WHAT TO PRODUCE: Please print the data shown below without any alteration.

======== RECORDS

(* Let $G=(V,q)$ be a finite connected reversible graph with non-negative Ollivier curvature, and let $\lambda_1$ be the smallest non-zero eigenvalue of $-\Delta$. Then \[ \lambda_1\ge\log(2)\cdot\frac{q_{\min}}{\operatorname{diam}(G)^2}, \] where $\operatorname{diam}(G)=\max\{d(x,y):x,y\in V\}$.
   Context: A graph $G=(V,q)$: $V$ finite, $q:V\times V\to[0,\infty)$; Laplacian $\Delta f(x)=\sum_yq(x,y)(f(y)-f(x))$. Reversible: there is $m:V\to(0,\infty)$ with $q(x,y)m(x)=q(y,x)m(y)$. $d$ is the combinatorial graph distance ($x\sim y$ iff $q(x,y)>0$). $q_{\min}=\min\{q(x,y):q(x,y)>0\}$. For $x\ne y$, $\nabla_{xy}f=(f(x)-f(y))/d(x,y)$, $\|\nabla f\|_\infty=\sup_{x\ne y}|\nabla_{xy}f|$. Ollivier curvature $\kappa(x,y)=\inf\{\nabla_{xy}\Delta f:\|\nabla f\|_\infty=1,\ \nabla_{yx}f=1\}$; non-negative means $\kappa(x,y)\ge0$ for all $x\ne y$. *)

theory Defs
  imports Complex_Main
begin

definition laplacian :: "('a::finite \<Rightarrow> 'a \<Rightarrow> real) \<Rightarrow> ('a \<Rightarrow> real) \<Rightarrow> 'a \<Rightarrow> real" where
  "laplacian q f x = (\<Sum>y\<in>UNIV. q x y * (f y - f x))"

definition reversible :: "('a::finite \<Rightarrow> 'a \<Rightarrow> real) \<Rightarrow> bool" where
  "reversible q \<longleftrightarrow> (\<exists>m::'a \<Rightarrow> real. (\<forall>x. m x > 0) \<and> (\<forall>x y. q x y * m x = q y x * m y))"

definition adj :: "('a \<Rightarrow> 'a \<Rightarrow> real) \<Rightarrow> 'a \<Rightarrow> 'a \<Rightarrow> bool" where
  "adj q x y \<longleftrightarrow> q x y > 0"

definition gdist :: "('a \<Rightarrow> 'a \<Rightarrow> real) \<Rightarrow> 'a \<Rightarrow> 'a \<Rightarrow> nat" where
  "gdist q x y = (LEAST n. (adj q ^^ n) x y)"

================

WRITTEN RESPONSE:
(* Let $G=(V,q)$ be a finite connected reversible graph with non-negative Ollivier curvature, and let $\lambda_1$ be the smallest non-zero eigenvalue of $-\Delta$. Then \[ \lambda_1\ge\log(2)\cdot\frac{q_{\min}}{\operatorname{diam}(G)^2}, \] where $\operatorname{diam}(G)=\max\{d(x,y):x,y\in V\}$.
   Context: A graph $G=(V,q)$: $V$ finite, $q:V\times V\to[0,\infty)$; Laplacian $\Delta f(x)=\sum_yq(x,y)(f(y)-f(x))$. Reversible: there is $m:V\to(0,\infty)$ with $q(x,y)m(x)=q(y,x)m(y)$. $d$ is the combinatorial graph distance ($x\sim y$ iff $q(x,y)>0$). $q_{\min}=\min\{q(x,y):q(x,y)>0\}$. For $x\ne y$, $\nabla_{xy}f=(f(x)-f(y))/d(x,y)$, $\|\nabla f\|_\infty=\sup_{x\ne y}|\nabla_{xy}f|$. Ollivier curvature $\kappa(x,y)=\inf\{\nabla_{xy}\Delta f:\|\nabla f\|_\infty=1,\ \nabla_{yx}f=1\}$; non-negative means $\kappa(x,y)\ge0$ for all $x\ne y$. *)

theory Defs
  imports Complex_Main
begin

definition laplacian :: "('a::finite \<Rightarrow> 'a \<Rightarrow> real) \<Rightarrow> ('a \<Rightarrow> real) \<Rightarrow> 'a \<Rightarrow> real" where
  "laplacian q f x = (\<Sum>y\<in>UNIV. q x y * (f y - f x))"

definition reversible :: "('a::finite \<Rightarrow> 'a \<Rightarrow> real) \<Rightarrow> bool" where
  "reversible q \<longleftrightarrow> (\<exists>m::'a \<Rightarrow> real. (\<forall>x. m x > 0) \<and> (\<forall>x y. q x y * m x = q y x * m y))"

definition adj :: "('a \<Rightarrow> 'a \<Rightarrow> real) \<Rightarrow> 'a \<Rightarrow> 'a \<Rightarrow> bool" where
  "adj q x y \<longleftrightarrow> q x y > 0"

definition gdist :: "('a \<Rightarrow> 'a \<Rightarrow> real) \<Rightarrow> 'a \<Rightarrow> 'a \<Rightarrow> nat" where
  "gdist q x y = (LEAST n. (adj q ^^ n) x y)"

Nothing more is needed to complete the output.